» Assignment: Look below for the line holding "unfolding a adm_avg_def" and the line holding "((\<lambda>N. N x)". Transcribe exactly those lines and all lines between them, nothing more.

[Dataset entries]

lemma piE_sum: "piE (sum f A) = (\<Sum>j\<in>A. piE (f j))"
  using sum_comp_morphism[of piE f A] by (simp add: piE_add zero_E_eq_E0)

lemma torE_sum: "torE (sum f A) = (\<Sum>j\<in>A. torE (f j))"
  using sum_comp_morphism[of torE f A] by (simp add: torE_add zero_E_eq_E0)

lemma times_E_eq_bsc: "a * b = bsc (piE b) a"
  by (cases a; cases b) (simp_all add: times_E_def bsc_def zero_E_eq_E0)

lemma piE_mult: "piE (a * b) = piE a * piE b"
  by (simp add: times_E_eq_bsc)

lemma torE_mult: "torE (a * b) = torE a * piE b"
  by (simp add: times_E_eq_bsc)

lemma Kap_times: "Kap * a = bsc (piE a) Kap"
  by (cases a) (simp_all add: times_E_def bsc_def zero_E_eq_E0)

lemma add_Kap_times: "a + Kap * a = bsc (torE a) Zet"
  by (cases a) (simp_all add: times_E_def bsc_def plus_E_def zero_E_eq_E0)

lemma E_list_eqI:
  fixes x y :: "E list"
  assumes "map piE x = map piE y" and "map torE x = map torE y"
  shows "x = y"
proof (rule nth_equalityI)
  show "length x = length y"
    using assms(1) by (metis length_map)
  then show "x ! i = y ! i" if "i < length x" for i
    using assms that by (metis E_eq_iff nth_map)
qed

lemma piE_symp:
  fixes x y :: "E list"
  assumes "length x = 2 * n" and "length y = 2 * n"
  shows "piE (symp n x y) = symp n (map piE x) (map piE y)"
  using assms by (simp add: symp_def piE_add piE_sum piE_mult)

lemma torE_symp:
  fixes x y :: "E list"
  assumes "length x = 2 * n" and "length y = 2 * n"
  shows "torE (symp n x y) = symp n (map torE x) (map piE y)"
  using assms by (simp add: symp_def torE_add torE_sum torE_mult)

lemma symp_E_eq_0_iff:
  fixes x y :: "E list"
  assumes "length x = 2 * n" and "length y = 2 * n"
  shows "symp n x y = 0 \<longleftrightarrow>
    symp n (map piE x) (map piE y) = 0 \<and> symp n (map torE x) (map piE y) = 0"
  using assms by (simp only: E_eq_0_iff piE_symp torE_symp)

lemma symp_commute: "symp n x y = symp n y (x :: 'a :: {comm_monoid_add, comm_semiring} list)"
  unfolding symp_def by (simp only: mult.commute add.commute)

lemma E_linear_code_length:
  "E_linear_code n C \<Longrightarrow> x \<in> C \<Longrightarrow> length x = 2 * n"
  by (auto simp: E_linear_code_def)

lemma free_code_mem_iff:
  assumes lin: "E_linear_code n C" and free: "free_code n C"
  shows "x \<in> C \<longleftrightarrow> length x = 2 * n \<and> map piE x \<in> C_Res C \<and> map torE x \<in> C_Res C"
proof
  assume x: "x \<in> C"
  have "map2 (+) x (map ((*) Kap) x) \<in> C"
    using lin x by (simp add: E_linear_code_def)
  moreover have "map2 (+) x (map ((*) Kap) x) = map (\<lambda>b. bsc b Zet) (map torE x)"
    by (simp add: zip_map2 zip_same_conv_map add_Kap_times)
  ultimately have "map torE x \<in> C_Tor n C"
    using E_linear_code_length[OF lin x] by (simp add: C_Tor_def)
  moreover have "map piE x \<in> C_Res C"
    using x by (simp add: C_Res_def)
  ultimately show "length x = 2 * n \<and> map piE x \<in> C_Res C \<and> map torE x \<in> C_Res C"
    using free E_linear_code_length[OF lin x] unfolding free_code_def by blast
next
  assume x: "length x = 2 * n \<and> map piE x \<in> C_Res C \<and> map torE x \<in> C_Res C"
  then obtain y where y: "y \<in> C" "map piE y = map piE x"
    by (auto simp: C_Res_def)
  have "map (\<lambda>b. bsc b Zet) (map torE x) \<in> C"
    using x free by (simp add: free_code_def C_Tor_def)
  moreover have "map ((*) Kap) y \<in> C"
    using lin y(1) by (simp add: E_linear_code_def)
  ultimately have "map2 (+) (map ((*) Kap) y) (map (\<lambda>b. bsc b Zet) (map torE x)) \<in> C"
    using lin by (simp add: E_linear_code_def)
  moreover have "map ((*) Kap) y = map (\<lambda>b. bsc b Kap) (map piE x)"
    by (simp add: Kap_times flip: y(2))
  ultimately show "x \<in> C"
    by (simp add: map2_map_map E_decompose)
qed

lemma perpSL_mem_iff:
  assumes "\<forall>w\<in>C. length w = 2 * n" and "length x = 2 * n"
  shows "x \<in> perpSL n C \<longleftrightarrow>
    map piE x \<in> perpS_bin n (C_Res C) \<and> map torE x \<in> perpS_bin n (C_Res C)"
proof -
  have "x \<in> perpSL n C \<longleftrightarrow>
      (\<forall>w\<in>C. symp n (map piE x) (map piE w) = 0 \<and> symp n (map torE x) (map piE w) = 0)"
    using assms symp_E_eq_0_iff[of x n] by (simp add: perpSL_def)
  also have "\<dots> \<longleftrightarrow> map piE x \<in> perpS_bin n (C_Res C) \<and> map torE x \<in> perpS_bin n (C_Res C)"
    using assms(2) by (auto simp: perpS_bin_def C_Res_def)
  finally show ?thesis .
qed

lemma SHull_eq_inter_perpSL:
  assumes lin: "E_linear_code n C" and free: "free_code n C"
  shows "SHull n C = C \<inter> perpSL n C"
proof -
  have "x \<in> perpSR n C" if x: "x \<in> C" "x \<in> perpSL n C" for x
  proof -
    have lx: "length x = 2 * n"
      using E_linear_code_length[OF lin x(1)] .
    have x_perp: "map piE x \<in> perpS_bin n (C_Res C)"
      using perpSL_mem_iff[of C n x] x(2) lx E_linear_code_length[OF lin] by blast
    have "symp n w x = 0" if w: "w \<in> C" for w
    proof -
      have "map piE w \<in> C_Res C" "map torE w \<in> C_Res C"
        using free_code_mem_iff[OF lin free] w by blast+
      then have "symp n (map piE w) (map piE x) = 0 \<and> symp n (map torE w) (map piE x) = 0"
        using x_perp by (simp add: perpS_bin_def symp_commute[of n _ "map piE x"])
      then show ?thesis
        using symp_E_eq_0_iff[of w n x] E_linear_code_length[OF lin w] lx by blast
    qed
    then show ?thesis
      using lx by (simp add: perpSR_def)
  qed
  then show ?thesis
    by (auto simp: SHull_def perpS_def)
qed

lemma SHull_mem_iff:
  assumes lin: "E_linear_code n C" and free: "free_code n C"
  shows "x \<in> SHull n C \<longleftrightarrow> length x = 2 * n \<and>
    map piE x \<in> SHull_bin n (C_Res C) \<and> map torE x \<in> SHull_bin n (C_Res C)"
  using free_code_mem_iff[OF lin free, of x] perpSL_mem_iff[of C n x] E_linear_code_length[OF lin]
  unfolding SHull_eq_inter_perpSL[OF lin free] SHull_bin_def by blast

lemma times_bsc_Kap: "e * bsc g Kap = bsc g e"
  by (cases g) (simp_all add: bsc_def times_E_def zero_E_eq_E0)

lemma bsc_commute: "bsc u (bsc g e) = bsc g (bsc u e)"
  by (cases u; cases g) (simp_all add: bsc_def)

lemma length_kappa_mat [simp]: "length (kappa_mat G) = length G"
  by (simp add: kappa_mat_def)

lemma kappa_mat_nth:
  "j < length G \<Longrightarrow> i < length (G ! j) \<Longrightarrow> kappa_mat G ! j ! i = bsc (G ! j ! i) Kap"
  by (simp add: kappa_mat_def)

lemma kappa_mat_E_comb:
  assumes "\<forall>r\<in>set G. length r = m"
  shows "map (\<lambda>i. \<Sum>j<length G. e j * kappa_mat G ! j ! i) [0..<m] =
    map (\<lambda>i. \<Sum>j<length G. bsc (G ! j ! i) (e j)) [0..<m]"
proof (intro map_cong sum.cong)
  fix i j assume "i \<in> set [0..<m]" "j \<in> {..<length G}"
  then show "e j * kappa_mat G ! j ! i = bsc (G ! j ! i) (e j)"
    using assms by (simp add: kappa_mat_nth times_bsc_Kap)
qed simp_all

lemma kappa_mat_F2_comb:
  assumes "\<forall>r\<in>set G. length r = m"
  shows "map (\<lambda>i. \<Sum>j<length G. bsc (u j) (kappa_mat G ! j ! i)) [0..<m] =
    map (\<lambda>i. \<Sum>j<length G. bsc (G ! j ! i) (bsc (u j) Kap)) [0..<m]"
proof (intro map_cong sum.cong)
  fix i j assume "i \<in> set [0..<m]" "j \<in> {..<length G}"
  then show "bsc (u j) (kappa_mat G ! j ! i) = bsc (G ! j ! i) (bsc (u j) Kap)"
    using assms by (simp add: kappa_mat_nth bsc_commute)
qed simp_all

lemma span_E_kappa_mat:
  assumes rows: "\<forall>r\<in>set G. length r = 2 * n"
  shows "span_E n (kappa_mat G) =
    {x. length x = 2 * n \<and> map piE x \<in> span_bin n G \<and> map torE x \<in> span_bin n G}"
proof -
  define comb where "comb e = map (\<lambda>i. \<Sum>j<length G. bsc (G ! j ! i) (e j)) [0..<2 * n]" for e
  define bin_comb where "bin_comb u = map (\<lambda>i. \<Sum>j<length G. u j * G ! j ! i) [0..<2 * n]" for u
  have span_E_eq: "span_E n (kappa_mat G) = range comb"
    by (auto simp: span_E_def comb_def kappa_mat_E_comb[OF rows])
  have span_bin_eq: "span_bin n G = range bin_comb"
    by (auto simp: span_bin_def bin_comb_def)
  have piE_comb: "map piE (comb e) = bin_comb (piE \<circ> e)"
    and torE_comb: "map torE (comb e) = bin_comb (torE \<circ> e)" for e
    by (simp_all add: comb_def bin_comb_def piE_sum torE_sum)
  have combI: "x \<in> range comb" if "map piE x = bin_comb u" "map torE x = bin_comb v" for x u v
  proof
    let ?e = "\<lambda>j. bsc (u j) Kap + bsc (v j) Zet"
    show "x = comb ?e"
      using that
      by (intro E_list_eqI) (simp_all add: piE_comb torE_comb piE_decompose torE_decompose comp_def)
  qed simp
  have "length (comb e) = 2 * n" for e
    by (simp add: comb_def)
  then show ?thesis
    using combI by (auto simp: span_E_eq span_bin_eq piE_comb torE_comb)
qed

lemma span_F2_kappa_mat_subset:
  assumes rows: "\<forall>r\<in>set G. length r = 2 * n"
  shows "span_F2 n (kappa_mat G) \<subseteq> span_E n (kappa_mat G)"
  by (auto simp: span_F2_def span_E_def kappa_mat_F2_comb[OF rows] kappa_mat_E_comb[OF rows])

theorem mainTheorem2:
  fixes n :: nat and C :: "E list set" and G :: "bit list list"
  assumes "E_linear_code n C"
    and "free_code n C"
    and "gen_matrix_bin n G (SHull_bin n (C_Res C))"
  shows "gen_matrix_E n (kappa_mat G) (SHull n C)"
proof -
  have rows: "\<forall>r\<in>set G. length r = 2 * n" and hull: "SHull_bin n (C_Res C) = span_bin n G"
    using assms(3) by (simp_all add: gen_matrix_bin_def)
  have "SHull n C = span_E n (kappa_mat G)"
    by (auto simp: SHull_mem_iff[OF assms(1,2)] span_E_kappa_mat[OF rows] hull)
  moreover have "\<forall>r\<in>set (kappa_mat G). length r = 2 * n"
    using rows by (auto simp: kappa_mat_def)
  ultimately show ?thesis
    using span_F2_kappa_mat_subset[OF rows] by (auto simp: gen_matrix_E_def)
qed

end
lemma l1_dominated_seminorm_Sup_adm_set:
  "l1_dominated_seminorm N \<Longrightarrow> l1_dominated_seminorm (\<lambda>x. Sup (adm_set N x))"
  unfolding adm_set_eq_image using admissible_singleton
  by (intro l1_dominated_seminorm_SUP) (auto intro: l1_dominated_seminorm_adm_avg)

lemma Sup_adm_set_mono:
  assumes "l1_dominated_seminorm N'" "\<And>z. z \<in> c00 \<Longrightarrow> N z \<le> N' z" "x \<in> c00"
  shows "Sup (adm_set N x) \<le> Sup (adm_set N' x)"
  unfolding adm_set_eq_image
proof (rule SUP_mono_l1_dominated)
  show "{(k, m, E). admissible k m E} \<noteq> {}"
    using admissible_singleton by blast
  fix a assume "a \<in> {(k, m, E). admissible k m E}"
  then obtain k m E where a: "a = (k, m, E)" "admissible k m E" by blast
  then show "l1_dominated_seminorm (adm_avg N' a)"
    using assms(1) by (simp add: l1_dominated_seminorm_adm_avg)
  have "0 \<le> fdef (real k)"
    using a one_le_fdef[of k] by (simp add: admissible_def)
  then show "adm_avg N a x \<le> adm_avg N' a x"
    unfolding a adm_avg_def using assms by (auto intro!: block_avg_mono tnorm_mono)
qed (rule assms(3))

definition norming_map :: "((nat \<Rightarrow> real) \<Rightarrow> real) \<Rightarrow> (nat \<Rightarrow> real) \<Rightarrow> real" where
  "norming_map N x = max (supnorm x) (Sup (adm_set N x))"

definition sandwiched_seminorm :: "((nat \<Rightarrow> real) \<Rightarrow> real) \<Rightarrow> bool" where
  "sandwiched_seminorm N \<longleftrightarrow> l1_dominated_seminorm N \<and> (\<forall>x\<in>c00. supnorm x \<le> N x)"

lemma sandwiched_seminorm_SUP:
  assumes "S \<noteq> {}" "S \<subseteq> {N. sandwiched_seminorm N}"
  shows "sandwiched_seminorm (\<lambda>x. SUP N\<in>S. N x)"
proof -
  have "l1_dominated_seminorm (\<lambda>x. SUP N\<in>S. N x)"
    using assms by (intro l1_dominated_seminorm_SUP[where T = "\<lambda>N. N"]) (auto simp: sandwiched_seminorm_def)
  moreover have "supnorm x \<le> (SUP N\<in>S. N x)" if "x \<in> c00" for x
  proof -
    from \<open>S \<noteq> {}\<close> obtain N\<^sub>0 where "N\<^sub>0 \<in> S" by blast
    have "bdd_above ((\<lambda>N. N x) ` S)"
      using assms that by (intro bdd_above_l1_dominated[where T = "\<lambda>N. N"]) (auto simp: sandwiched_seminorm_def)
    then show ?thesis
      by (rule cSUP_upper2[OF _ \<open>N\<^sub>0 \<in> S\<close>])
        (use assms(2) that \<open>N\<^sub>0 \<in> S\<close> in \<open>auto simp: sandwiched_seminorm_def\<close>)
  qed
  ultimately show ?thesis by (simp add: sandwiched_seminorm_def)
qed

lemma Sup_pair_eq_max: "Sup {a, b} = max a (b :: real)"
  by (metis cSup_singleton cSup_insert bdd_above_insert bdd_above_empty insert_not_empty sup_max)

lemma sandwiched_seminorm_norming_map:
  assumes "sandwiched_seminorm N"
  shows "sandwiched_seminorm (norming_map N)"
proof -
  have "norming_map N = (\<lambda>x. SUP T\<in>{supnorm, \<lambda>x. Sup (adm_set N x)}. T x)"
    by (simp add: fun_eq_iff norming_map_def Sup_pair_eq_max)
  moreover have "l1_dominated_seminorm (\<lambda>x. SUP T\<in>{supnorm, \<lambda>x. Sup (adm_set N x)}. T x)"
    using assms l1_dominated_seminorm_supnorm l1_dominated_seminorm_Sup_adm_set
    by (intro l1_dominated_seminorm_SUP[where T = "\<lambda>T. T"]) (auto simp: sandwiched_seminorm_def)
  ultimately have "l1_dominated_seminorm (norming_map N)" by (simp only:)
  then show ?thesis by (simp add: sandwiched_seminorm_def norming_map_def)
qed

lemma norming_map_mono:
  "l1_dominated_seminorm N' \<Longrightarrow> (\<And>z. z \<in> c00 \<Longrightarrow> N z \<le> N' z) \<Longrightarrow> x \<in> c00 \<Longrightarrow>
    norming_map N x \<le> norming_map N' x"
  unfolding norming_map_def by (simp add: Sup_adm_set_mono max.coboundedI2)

» Reply:
    unfolding a adm_avg_def using assms by (auto intro!: block_avg_mono tnorm_mono)
qed (rule assms(3))

definition norming_map :: "((nat \<Rightarrow> real) \<Rightarrow> real) \<Rightarrow> (nat \<Rightarrow> real) \<Rightarrow> real" where
  "norming_map N x = max (supnorm x) (Sup (adm_set N x))"

definition sandwiched_seminorm :: "((nat \<Rightarrow> real) \<Rightarrow> real) \<Rightarrow> bool" where
  "sandwiched_seminorm N \<longleftrightarrow> l1_dominated_seminorm N \<and> (\<forall>x\<in>c00. supnorm x \<le> N x)"

lemma sandwiched_seminorm_SUP:
  assumes "S \<noteq> {}" "S \<subseteq> {N. sandwiched_seminorm N}"
  shows "sandwiched_seminorm (\<lambda>x. SUP N\<in>S. N x)"
proof -
  have "l1_dominated_seminorm (\<lambda>x. SUP N\<in>S. N x)"
    using assms by (intro l1_dominated_seminorm_SUP[where T = "\<lambda>N. N"]) (auto simp: sandwiched_seminorm_def)
  moreover have "supnorm x \<le> (SUP N\<in>S. N x)" if "x \<in> c00" for x
  proof -
    from \<open>S \<noteq> {}\<close> obtain N\<^sub>0 where "N\<^sub>0 \<in> S" by blast
    have "bdd_above ((\<lambda>N. N x) ` S)"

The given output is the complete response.